What to produce: Using the records below, write out again exactly the lines that begin at the line containing "e e \<noteq>" and end at the line containing "else if j = e", and no other lines.

Stored data entries
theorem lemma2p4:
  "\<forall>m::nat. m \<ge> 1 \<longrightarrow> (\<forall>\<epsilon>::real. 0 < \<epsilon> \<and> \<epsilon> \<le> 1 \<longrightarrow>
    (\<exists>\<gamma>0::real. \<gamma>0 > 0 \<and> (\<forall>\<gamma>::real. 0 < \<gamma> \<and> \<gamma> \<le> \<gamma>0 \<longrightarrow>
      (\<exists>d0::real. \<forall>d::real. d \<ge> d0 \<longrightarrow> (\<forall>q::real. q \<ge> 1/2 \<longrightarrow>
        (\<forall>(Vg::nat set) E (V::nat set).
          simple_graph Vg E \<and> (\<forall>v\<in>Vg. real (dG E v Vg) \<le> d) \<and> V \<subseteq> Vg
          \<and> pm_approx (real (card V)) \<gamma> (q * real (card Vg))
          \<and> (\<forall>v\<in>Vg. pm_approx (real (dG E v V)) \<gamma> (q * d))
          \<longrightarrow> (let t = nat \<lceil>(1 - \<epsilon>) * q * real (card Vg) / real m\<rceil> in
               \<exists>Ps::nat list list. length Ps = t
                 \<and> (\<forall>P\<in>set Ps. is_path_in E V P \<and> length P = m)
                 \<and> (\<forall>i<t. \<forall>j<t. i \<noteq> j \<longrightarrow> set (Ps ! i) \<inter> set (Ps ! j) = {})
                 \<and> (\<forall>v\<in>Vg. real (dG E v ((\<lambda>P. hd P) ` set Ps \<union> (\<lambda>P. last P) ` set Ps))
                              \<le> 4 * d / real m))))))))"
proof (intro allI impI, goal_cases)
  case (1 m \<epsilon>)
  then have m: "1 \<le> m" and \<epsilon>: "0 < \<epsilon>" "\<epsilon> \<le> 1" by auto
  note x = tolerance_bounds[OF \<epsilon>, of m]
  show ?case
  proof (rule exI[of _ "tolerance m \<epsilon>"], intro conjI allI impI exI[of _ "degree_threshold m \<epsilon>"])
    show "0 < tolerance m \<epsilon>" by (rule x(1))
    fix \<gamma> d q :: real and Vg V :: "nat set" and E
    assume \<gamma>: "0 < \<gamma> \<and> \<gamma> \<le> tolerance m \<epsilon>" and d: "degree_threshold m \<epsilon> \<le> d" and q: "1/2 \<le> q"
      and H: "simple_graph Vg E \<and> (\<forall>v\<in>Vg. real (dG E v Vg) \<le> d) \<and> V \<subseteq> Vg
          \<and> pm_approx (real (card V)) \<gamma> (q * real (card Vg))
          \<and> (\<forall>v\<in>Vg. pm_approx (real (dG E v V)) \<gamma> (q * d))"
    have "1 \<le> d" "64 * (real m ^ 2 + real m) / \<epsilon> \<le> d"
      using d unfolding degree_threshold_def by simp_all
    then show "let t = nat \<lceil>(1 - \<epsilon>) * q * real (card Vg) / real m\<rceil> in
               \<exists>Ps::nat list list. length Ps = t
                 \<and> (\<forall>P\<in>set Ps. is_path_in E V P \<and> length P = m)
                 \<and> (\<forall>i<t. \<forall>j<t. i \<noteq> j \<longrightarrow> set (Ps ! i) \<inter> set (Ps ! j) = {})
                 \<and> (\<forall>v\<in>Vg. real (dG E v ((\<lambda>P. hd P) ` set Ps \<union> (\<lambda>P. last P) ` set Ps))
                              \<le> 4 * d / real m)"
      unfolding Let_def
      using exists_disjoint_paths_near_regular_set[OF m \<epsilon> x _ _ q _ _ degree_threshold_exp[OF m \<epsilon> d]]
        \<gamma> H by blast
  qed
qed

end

--

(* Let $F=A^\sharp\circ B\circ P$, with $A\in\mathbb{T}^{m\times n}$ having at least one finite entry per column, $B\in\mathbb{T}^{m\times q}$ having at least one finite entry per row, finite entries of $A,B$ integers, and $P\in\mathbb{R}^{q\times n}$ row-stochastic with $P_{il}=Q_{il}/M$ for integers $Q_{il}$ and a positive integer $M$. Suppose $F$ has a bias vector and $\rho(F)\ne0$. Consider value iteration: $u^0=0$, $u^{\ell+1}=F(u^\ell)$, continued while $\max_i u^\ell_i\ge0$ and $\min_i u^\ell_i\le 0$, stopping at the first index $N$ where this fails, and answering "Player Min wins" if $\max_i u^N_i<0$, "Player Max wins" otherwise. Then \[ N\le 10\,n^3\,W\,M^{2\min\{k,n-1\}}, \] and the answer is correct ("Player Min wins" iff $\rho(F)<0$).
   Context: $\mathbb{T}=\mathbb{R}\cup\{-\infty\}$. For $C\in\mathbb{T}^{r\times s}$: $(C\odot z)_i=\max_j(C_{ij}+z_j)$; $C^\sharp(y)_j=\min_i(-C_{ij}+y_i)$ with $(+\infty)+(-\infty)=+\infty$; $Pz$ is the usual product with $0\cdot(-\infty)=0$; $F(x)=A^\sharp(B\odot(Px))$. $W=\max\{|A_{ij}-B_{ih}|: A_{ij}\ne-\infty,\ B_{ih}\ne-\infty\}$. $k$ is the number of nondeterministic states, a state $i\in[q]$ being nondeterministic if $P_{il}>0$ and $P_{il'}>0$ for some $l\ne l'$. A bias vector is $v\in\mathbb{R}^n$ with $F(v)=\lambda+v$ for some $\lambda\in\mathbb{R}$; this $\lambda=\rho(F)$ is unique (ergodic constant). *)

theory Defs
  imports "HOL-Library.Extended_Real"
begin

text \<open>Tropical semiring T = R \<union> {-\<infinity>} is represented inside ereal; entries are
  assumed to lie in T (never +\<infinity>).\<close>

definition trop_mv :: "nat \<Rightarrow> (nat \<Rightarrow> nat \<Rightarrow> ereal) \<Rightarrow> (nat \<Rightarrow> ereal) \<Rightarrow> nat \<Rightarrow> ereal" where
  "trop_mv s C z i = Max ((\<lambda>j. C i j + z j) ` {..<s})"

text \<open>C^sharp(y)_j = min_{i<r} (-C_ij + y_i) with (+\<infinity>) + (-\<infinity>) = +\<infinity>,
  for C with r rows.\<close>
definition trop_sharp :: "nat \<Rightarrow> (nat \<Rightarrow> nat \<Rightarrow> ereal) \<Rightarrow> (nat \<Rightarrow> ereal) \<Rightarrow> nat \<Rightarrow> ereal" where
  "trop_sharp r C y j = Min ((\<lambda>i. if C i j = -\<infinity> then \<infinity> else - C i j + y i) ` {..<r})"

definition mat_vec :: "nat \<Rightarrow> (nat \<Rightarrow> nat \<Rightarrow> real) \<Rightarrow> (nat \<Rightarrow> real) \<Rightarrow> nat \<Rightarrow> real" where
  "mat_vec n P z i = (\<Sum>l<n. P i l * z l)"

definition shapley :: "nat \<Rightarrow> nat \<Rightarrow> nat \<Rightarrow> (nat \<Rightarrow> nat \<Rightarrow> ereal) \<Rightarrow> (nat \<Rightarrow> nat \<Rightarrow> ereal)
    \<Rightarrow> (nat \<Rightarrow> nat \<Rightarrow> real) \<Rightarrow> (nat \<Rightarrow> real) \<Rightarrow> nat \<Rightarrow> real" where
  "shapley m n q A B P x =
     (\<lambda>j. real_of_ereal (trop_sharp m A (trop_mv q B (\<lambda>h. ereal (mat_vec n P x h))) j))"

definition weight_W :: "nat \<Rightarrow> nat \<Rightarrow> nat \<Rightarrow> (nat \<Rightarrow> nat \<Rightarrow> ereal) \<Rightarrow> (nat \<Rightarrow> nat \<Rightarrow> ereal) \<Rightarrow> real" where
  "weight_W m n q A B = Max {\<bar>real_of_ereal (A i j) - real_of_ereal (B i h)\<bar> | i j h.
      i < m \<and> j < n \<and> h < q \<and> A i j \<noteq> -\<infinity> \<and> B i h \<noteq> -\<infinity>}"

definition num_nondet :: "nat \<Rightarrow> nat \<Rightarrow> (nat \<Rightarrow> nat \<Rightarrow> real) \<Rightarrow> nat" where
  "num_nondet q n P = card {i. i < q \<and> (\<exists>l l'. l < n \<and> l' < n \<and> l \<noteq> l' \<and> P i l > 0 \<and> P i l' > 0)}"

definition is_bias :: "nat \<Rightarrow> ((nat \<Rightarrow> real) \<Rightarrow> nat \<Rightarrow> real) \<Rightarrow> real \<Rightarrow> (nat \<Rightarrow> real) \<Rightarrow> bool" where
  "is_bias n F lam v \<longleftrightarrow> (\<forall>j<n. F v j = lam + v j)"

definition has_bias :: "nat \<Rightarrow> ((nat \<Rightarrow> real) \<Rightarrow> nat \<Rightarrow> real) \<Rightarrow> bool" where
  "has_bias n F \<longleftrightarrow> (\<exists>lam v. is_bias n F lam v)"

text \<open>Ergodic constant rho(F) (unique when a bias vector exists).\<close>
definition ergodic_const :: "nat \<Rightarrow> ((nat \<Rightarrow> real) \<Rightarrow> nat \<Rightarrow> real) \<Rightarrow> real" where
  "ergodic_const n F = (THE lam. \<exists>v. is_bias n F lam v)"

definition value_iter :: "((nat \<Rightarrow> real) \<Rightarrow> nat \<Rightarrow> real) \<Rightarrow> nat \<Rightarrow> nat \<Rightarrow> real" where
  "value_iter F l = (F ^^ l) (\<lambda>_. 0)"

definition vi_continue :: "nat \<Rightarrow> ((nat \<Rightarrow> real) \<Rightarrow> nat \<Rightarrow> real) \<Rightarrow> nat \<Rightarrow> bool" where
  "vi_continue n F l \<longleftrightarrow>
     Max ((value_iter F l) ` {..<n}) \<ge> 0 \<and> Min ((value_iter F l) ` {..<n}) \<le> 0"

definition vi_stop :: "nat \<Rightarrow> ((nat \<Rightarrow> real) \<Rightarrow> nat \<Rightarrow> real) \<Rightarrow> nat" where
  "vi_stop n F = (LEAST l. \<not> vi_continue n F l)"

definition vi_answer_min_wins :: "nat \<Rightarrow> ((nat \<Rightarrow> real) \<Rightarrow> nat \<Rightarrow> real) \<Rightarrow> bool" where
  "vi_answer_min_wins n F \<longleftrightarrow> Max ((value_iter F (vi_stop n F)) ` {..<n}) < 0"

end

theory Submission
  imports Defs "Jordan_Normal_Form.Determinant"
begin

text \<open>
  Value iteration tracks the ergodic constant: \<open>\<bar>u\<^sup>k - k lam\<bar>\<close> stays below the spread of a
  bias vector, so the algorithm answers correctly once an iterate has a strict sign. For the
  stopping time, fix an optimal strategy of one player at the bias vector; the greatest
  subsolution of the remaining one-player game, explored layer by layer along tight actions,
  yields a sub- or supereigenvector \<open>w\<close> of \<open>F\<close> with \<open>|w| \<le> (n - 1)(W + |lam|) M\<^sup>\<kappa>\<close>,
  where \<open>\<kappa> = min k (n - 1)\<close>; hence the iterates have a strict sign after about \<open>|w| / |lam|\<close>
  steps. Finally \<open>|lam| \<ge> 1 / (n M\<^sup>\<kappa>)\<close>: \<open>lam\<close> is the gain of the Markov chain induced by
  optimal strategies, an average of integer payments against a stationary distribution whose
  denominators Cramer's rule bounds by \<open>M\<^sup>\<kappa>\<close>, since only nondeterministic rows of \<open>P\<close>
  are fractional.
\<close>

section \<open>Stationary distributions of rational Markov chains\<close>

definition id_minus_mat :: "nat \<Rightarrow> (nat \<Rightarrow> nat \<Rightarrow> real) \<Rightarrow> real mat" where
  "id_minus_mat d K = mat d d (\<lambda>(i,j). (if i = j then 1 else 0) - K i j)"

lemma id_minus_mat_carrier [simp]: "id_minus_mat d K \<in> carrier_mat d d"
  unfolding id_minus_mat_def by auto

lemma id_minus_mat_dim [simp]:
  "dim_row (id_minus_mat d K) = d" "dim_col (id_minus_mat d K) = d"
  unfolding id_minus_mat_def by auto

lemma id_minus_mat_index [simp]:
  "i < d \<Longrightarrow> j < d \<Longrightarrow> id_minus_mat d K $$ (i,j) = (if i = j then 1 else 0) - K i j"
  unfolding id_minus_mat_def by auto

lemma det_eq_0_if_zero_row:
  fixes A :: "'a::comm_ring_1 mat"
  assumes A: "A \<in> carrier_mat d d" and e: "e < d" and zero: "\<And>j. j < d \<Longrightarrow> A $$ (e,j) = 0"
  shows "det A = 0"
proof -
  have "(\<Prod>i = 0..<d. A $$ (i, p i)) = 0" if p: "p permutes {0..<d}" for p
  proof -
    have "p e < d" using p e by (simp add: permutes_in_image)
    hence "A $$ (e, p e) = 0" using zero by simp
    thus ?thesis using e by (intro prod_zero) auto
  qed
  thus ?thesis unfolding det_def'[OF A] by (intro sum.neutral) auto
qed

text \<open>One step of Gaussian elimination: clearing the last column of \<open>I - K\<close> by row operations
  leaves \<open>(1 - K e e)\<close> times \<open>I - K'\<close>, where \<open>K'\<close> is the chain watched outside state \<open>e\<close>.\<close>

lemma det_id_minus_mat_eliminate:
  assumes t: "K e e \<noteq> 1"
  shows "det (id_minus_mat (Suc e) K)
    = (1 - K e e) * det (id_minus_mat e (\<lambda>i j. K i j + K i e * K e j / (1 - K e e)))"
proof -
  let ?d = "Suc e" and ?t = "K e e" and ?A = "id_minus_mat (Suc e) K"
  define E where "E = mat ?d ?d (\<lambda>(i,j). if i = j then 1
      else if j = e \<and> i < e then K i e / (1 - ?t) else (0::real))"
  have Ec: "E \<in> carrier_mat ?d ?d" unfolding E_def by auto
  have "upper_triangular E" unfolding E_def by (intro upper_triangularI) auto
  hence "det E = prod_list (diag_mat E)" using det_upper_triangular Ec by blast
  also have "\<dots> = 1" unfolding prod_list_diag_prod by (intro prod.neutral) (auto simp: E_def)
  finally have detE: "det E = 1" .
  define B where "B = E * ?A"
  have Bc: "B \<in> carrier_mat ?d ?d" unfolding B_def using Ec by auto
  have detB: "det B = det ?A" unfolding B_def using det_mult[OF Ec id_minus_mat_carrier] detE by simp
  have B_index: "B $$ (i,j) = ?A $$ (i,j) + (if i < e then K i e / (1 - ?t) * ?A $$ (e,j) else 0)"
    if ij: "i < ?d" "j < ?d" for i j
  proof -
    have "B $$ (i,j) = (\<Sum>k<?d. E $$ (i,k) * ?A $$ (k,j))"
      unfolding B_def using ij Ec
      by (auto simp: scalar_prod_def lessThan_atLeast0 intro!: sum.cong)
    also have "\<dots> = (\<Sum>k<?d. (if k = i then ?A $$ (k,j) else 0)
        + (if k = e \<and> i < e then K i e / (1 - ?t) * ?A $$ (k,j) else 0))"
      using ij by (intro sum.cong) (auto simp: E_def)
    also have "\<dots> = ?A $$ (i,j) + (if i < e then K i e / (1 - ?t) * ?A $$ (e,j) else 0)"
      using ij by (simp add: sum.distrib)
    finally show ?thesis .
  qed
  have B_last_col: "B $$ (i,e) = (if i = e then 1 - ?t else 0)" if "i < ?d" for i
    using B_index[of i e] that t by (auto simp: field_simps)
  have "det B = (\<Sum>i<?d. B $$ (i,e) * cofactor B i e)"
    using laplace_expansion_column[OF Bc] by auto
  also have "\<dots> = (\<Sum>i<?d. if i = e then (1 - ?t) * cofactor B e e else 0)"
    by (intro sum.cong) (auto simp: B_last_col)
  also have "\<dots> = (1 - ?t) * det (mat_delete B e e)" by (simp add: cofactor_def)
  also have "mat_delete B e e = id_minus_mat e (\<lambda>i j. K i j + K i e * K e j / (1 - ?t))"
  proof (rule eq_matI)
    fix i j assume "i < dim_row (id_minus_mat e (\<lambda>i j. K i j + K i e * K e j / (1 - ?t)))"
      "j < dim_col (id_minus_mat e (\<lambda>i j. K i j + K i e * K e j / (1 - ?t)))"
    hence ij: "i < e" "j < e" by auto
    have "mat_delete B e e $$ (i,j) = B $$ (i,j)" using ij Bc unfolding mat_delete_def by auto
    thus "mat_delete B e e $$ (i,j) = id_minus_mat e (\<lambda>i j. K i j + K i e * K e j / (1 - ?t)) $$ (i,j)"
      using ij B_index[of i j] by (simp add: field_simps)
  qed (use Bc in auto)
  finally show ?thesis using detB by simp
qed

==

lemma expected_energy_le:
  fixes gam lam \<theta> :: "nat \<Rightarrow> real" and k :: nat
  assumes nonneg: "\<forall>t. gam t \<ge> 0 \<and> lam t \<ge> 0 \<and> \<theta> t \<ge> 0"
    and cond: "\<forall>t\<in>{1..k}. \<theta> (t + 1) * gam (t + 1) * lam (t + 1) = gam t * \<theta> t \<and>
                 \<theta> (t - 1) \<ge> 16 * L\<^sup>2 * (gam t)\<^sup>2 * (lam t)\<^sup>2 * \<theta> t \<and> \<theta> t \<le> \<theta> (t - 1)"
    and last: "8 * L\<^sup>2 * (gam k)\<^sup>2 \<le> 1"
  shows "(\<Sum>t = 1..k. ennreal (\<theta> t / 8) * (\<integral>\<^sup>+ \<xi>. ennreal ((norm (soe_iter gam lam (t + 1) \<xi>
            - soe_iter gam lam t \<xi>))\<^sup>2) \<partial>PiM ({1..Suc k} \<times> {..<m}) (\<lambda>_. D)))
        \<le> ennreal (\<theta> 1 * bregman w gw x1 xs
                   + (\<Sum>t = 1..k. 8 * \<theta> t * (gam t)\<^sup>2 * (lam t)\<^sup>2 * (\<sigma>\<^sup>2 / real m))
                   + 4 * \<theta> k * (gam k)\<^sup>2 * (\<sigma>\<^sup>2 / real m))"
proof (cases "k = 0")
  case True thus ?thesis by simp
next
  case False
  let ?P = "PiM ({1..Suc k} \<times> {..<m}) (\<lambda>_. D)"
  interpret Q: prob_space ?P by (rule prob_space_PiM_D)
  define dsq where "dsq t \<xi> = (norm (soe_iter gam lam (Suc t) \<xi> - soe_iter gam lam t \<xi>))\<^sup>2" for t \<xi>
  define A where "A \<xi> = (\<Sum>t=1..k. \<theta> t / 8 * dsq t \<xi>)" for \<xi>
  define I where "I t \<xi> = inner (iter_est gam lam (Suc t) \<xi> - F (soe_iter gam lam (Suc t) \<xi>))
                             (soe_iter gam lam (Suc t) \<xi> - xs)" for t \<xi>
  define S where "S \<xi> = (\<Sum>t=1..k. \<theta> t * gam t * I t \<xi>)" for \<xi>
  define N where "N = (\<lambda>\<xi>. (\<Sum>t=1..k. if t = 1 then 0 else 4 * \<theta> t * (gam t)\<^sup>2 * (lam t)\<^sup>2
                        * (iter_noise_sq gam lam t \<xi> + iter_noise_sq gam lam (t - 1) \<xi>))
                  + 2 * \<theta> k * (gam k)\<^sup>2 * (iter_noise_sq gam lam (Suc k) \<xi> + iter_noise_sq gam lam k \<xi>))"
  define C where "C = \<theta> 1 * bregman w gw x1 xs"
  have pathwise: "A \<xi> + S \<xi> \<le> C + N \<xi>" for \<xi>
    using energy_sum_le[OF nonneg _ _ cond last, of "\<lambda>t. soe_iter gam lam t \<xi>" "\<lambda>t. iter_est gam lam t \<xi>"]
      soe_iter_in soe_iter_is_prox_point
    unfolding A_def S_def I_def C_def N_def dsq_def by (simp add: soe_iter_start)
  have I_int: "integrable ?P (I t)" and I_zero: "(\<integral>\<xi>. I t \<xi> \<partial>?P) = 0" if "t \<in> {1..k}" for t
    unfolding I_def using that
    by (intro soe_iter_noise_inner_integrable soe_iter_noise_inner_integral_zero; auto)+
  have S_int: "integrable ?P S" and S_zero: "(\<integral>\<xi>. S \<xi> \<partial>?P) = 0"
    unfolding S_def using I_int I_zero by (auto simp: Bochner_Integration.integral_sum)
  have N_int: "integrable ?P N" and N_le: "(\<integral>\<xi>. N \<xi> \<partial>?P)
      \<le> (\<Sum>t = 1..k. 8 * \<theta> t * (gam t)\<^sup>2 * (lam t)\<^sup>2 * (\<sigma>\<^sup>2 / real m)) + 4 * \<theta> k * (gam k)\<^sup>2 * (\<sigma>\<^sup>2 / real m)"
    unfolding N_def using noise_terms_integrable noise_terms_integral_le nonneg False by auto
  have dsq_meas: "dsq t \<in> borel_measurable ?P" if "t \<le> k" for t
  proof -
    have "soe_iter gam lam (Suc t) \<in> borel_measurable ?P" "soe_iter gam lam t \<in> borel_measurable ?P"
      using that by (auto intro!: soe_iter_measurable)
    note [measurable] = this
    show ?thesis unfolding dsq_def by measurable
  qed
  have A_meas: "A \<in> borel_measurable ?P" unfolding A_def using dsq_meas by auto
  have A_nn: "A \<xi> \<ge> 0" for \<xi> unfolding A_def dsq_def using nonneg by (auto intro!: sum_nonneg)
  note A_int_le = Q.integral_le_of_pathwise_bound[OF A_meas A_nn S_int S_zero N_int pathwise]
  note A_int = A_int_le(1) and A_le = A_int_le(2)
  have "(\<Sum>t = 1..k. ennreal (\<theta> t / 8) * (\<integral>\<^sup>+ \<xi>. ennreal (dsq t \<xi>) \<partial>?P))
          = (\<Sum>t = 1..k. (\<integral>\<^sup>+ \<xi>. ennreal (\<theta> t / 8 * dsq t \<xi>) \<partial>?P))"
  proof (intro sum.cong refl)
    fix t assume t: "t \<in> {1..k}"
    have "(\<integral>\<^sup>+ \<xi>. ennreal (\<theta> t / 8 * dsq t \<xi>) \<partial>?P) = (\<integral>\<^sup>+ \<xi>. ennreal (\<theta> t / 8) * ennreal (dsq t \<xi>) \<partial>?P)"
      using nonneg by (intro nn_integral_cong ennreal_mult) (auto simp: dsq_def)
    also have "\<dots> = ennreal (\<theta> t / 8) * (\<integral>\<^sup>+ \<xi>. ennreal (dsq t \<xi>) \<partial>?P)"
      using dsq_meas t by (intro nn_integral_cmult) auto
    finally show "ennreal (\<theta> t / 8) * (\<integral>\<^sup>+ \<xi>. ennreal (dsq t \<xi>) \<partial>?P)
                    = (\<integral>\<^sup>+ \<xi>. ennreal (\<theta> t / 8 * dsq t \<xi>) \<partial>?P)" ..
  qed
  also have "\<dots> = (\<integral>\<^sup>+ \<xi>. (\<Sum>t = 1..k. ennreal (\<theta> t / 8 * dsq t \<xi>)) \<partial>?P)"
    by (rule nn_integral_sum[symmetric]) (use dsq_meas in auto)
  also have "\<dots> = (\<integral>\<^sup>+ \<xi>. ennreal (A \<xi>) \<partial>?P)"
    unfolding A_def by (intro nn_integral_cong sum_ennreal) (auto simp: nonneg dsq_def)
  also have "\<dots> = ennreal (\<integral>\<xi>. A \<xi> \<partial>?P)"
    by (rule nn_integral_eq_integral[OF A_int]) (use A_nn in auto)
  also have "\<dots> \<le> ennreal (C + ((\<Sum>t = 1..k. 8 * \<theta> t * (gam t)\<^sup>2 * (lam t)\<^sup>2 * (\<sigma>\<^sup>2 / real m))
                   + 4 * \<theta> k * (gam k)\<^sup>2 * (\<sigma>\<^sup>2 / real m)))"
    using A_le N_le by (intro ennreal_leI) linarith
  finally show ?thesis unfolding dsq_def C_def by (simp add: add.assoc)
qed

Result for this exercise:
  assumes t: "K e e \<noteq> 1"
  shows "det (id_minus_mat (Suc e) K)
    = (1 - K e e) * det (id_minus_mat e (\<lambda>i j. K i j + K i e * K e j / (1 - K e e)))"
proof -
  let ?d = "Suc e" and ?t = "K e e" and ?A = "id_minus_mat (Suc e) K"
  define E where "E = mat ?d ?d (\<lambda>(i,j). if i = j then 1
      else if j = e \<and> i < e then K i e / (1 - ?t) else (0::real))"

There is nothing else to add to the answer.